_WHAT THE EXERCISE ASKS_
Filter the records for "shows" and keep each line that has it.

===== MATERIAL PROVIDED

sublocale graded_semigroup0
  using group semigroup0 strongly_graded
  by (simp add: graded_semigroup0_def strongly_graded_def)

lemma identity_component_factor:
  assumes s: "s \<in> S" "s \<noteq> z" and u: "u \<in> identity_component"
  obtains a b where "a \<in> S" "b \<in> S" "u = m a b" "m b s \<in> identity_component"
proof -
  interpret G: group G by (fact group)
  define \<alpha> where "\<alpha> = deg s"
  have \<alpha>: "\<alpha> \<in> carrier G" using deg_closed s \<alpha>_def by simp
  have "u \<in> setmult m (component S z deg \<alpha>) (component S z deg (inv\<^bsub>G\<^esub> \<alpha>))"
    using strongly_graded \<alpha> u unfolding strongly_graded_def by simp
  then obtain a b where a: "a \<in> component S z deg \<alpha>" and b: "b \<in> component S z deg (inv\<^bsub>G\<^esub> \<alpha>)"
    and "u = m a b"
    unfolding setmult_def by blast
  moreover have "m b s \<in> identity_component"
  proof (cases "b = z \<or> m b s = z")
    case True
    then show ?thesis using s mult_zero_left by (auto simp: component_iff)
  next
    case False
    with b s show ?thesis using \<alpha> \<alpha>_def deg_mult[of b s] by (auto simp: component_iff)
  qed
  ultimately show ?thesis using that component_subset by blast
qed

lemma regular_sg_if_identity_component:
  assumes reg: "regular_sg identity_component m"
  shows "regular_sg S m"
  unfolding regular_sg_def
proof
  fix s assume s: "s \<in> S"
  show "\<exists>t\<in>S. m (m s t) s = s"
  proof (cases "s = z")
    case True
    then show ?thesis using zero_closed mult_zero_left by (intro bexI[of _ z]) auto
  next
    case False
    obtain u where u: "u \<in> S" "m u u = u" "m u s = s"
      using local_units s unfolding has_local_units_def by blast
    obtain a b where ab: "a \<in> S" "b \<in> S" "u = m a b" and bs: "m b s \<in> identity_component"
      using identity_component_factor[OF s False idempotent_in_identity_component[OF u(1,2)]] .
    obtain x where x: "x \<in> identity_component" "m (m (m b s) x) (m b s) = m b s"
      using reg bs unfolding regular_sg_def by blast
    have "x \<in> S" using x component_subset by blast
    have s_eq: "s = m a (m b s)" using u ab s by simp
    have "m (m (m a (m b s)) (m x b)) s = m a (m (m (m b s) x) (m b s))"
      using ab s \<open>x \<in> S\<close> by simp
    then have "m (m s (m x b)) s = m a (m (m (m b s) x) (m b s))"
      unfolding s_eq[symmetric] .
    also have "\<dots> = s" using x s_eq by simp
    finally show ?thesis using \<open>x \<in> S\<close> ab by auto
  qed
qed

lemma inverse_sg_if_identity_component:
  assumes "inverse_sg identity_component m"
  shows "inverse_sg S m"
  using assms regular_sg_if_identity_component idempotent_in_identity_component
  unfolding S.inverse_sg_iff_regular_idempotents_commute E.inverse_sg_iff_regular_idempotents_commute
  by blast

end

theorem proposition2p13:
  fixes G :: "('g, 'b) monoid_scheme"
    and S :: "'a set" and m :: "'a \<Rightarrow> 'a \<Rightarrow> 'a" and z :: 'a and deg :: "'a \<Rightarrow> 'g"
  assumes "group G"
    and "semigroup0 S m z"
    and "strongly_graded G S m z deg"
    and "has_local_units S m"
  shows "(regular_sg S m \<longleftrightarrow> regular_sg (component S z deg \<one>\<^bsub>G\<^esub>) m)
       \<and> (inverse_sg S m \<longleftrightarrow> inverse_sg (component S z deg \<one>\<^bsub>G\<^esub>) m)"
proof -
  interpret strongly_graded_semigroup0 G S m z deg
    using assms by (rule strongly_graded_semigroup0.intro)
  show ?thesis
    using regular_sg_identity_component regular_sg_if_identity_component
      inverse_sg_identity_component inverse_sg_if_identity_component
    by blast
qed

end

==========

_WRITTEN ANSWER_
  shows "regular_sg S m"
  shows "inverse_sg S m"
  shows "(regular_sg S m \<longleftrightarrow> regular_sg (component S z deg \<one>\<^bsub>G\<^esub>) m)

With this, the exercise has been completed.